Information shown
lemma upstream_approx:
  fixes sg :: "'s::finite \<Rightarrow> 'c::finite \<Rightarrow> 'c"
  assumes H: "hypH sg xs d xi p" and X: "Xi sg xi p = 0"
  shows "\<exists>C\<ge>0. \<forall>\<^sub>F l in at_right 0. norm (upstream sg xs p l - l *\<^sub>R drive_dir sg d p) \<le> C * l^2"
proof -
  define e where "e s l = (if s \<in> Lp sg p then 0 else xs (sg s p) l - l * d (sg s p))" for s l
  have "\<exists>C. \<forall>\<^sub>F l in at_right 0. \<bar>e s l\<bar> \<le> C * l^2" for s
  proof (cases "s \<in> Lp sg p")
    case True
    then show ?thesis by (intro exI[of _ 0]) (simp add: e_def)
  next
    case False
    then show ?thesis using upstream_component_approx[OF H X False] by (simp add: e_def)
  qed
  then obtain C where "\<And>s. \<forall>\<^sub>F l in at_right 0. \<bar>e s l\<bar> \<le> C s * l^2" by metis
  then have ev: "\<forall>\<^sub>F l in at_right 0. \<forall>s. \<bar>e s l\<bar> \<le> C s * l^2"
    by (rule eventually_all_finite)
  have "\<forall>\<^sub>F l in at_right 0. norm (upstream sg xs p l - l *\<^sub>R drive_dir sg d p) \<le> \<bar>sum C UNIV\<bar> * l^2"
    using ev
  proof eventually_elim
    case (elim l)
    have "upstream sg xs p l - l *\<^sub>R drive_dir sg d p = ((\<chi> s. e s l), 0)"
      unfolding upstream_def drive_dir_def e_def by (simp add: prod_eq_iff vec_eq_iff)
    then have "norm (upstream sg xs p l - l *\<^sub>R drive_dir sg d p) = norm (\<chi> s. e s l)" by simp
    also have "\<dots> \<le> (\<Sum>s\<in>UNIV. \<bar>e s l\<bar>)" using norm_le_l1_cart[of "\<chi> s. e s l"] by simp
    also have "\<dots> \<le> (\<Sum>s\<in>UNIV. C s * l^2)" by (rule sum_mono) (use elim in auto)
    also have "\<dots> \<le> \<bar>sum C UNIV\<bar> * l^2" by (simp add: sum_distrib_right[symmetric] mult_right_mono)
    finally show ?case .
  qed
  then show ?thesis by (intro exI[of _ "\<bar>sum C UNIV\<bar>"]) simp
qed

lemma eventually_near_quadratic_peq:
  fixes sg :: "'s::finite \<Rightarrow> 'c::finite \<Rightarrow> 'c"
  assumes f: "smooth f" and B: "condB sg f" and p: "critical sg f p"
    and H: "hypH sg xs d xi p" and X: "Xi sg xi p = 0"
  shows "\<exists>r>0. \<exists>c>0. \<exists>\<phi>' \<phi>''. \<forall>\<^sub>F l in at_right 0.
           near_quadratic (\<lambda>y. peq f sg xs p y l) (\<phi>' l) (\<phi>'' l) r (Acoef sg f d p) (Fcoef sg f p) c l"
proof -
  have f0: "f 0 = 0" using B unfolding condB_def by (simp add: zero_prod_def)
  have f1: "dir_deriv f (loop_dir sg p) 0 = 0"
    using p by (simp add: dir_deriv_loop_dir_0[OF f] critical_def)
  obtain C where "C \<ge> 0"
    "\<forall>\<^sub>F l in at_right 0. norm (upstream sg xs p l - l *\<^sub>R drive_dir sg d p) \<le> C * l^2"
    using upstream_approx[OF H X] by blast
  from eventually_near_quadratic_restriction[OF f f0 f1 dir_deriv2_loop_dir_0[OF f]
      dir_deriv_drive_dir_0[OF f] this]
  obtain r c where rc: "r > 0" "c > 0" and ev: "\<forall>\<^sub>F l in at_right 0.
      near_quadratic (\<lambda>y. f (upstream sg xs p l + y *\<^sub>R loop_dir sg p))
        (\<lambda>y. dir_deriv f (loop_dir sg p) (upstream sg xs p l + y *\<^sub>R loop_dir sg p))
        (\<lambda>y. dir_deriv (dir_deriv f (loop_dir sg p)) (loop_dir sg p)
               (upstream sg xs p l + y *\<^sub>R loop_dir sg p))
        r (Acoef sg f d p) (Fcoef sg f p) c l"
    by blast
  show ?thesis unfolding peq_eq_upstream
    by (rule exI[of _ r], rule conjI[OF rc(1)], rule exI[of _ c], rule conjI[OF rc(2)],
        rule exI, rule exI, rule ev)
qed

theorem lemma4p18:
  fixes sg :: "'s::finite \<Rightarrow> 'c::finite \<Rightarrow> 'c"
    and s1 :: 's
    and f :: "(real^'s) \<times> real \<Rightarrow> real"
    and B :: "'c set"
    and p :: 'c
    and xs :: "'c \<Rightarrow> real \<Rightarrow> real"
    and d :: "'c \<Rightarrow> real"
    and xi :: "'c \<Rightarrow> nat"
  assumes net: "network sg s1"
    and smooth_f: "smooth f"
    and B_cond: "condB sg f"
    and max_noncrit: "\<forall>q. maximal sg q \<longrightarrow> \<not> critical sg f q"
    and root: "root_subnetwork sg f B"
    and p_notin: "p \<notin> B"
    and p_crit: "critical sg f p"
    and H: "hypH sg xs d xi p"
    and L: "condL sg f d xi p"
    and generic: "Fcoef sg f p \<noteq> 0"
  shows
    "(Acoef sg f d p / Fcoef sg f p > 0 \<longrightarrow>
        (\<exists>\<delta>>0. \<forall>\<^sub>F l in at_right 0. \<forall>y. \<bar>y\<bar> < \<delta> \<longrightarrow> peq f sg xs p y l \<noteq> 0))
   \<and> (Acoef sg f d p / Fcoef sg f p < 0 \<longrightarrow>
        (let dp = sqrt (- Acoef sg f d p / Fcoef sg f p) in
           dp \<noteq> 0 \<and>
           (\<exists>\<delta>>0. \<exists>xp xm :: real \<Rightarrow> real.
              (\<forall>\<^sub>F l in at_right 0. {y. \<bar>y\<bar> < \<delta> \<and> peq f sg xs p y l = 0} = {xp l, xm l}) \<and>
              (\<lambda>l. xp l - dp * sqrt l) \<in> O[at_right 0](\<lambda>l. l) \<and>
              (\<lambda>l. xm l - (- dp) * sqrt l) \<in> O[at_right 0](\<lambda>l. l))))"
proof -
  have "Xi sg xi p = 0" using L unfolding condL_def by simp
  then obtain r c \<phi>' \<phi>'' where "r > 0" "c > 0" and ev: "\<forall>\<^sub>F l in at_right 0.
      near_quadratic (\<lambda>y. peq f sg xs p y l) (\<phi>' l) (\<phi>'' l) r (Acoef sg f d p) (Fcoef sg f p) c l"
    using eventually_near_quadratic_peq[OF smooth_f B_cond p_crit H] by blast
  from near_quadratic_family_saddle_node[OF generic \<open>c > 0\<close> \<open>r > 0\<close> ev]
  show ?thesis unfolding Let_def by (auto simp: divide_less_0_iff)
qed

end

Task brief
Lines holding "intro": copy each one from the records above.

Answer
    then show ?thesis by (intro exI[of _ 0]) (simp add: e_def)
  then show ?thesis by (intro exI[of _ "\<bar>sum C UNIV\<bar>"]) simp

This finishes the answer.